**RECORDS PROVIDED:**
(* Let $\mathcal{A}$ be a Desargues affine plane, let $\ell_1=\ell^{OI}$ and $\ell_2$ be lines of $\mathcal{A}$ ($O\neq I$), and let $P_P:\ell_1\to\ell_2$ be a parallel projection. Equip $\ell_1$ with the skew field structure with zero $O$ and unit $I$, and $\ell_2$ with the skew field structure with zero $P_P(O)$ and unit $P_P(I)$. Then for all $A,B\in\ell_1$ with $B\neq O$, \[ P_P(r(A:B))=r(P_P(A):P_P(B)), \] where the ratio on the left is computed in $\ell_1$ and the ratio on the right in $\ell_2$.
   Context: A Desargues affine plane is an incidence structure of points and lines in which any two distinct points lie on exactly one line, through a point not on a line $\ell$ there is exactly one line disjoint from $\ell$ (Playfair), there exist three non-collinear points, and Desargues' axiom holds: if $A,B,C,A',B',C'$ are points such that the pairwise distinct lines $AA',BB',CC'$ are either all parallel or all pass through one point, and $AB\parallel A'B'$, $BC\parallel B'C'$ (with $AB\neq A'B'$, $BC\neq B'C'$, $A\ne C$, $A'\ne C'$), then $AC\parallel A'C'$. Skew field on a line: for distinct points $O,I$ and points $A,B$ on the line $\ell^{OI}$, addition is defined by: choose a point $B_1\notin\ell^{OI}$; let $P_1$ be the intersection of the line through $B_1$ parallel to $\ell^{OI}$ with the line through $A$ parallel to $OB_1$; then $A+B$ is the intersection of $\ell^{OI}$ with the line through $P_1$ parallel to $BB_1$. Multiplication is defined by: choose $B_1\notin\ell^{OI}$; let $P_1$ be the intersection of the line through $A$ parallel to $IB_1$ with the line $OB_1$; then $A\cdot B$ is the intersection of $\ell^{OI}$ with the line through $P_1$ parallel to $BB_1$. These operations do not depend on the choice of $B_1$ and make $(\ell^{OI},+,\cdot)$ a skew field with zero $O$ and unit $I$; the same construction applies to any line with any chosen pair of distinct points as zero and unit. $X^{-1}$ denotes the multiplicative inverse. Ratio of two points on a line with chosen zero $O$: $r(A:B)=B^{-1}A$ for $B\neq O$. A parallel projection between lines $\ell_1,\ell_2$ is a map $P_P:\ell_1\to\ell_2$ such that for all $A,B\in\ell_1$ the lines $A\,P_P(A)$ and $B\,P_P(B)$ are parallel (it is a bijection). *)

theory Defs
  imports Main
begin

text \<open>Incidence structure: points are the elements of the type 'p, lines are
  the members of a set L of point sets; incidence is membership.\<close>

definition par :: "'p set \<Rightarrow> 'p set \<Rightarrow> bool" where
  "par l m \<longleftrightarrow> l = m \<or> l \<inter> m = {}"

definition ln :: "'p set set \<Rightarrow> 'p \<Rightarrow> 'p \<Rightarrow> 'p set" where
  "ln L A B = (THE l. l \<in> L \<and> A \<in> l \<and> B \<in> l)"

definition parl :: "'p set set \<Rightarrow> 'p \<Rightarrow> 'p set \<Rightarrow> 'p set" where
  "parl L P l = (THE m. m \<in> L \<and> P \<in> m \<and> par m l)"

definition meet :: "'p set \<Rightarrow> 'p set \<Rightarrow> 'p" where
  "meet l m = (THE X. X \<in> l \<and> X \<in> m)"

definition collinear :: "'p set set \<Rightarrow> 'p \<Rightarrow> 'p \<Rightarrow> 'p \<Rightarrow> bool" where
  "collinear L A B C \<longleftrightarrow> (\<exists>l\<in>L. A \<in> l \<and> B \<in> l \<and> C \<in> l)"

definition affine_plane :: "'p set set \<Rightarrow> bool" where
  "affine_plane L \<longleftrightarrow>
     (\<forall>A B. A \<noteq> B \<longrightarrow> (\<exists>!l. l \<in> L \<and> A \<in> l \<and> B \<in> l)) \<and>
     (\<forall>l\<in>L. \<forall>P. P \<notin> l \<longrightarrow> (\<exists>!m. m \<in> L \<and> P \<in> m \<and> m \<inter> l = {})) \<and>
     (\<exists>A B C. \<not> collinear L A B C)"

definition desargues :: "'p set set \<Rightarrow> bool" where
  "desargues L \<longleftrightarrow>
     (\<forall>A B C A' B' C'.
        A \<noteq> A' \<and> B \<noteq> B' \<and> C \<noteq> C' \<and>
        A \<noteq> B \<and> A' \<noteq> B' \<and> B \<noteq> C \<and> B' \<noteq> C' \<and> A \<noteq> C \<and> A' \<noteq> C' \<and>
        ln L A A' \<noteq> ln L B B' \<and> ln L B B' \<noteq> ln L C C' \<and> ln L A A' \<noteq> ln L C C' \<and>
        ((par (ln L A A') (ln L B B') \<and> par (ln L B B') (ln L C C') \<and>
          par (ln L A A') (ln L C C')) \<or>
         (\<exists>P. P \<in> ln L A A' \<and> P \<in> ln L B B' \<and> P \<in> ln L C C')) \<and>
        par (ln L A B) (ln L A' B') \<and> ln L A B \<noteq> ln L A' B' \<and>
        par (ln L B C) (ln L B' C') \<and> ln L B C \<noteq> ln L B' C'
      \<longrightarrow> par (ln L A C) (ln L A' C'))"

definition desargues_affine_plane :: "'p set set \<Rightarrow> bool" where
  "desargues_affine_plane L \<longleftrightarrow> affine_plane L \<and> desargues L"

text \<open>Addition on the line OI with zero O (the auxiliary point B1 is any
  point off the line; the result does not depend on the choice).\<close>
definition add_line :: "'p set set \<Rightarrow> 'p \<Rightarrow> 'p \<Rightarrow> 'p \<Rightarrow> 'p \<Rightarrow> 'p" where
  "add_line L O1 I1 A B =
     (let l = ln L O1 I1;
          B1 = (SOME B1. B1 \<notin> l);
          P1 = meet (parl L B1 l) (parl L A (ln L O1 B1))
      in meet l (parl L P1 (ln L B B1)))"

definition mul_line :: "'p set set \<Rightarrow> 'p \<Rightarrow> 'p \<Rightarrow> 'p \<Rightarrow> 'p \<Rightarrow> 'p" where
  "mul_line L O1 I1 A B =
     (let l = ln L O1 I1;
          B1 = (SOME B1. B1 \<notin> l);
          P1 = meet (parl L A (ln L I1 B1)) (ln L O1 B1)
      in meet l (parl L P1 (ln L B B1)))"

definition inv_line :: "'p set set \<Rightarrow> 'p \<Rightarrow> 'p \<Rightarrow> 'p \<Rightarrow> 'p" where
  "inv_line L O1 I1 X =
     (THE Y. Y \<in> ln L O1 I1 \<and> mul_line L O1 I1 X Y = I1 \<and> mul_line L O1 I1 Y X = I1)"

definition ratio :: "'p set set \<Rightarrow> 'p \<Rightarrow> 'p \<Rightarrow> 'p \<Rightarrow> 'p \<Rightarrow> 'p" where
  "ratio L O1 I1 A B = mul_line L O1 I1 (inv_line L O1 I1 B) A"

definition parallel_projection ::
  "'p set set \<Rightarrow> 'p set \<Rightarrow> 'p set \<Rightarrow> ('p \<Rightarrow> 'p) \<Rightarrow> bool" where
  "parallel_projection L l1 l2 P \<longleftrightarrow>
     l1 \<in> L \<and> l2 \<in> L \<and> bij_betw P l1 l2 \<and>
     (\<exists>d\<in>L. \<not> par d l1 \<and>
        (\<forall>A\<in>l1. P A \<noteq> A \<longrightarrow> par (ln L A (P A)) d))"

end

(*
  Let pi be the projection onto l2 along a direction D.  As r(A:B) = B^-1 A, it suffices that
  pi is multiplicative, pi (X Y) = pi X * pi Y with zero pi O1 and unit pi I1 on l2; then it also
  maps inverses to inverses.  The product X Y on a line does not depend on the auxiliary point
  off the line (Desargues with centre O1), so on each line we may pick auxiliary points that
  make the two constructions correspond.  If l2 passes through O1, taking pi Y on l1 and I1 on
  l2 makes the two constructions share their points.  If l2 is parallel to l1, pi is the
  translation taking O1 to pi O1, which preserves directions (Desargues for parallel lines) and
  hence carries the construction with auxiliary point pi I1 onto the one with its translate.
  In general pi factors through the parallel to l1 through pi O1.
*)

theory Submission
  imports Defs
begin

**WHAT THE TASK ASKS:**
Please reproduce exactly the lines in the listing above from the one containing "ln L A A' \<noteq> ln L B" through the one containing "point off the", both included, and nothing more.

**TASK ANSWER:**
        ln L A A' \<noteq> ln L B B' \<and> ln L B B' \<noteq> ln L C C' \<and> ln L A A' \<noteq> ln L C C' \<and>
        ((par (ln L A A') (ln L B B') \<and> par (ln L B B') (ln L C C') \<and>
          par (ln L A A') (ln L C C')) \<or>
         (\<exists>P. P \<in> ln L A A' \<and> P \<in> ln L B B' \<and> P \<in> ln L C C')) \<and>
        par (ln L A B) (ln L A' B') \<and> ln L A B \<noteq> ln L A' B' \<and>
        par (ln L B C) (ln L B' C') \<and> ln L B C \<noteq> ln L B' C'
      \<longrightarrow> par (ln L A C) (ln L A' C'))"

definition desargues_affine_plane :: "'p set set \<Rightarrow> bool" where
  "desargues_affine_plane L \<longleftrightarrow> affine_plane L \<and> desargues L"

text \<open>Addition on the line OI with zero O (the auxiliary point B1 is any
  point off the line; the result does not depend on the choice).\<close>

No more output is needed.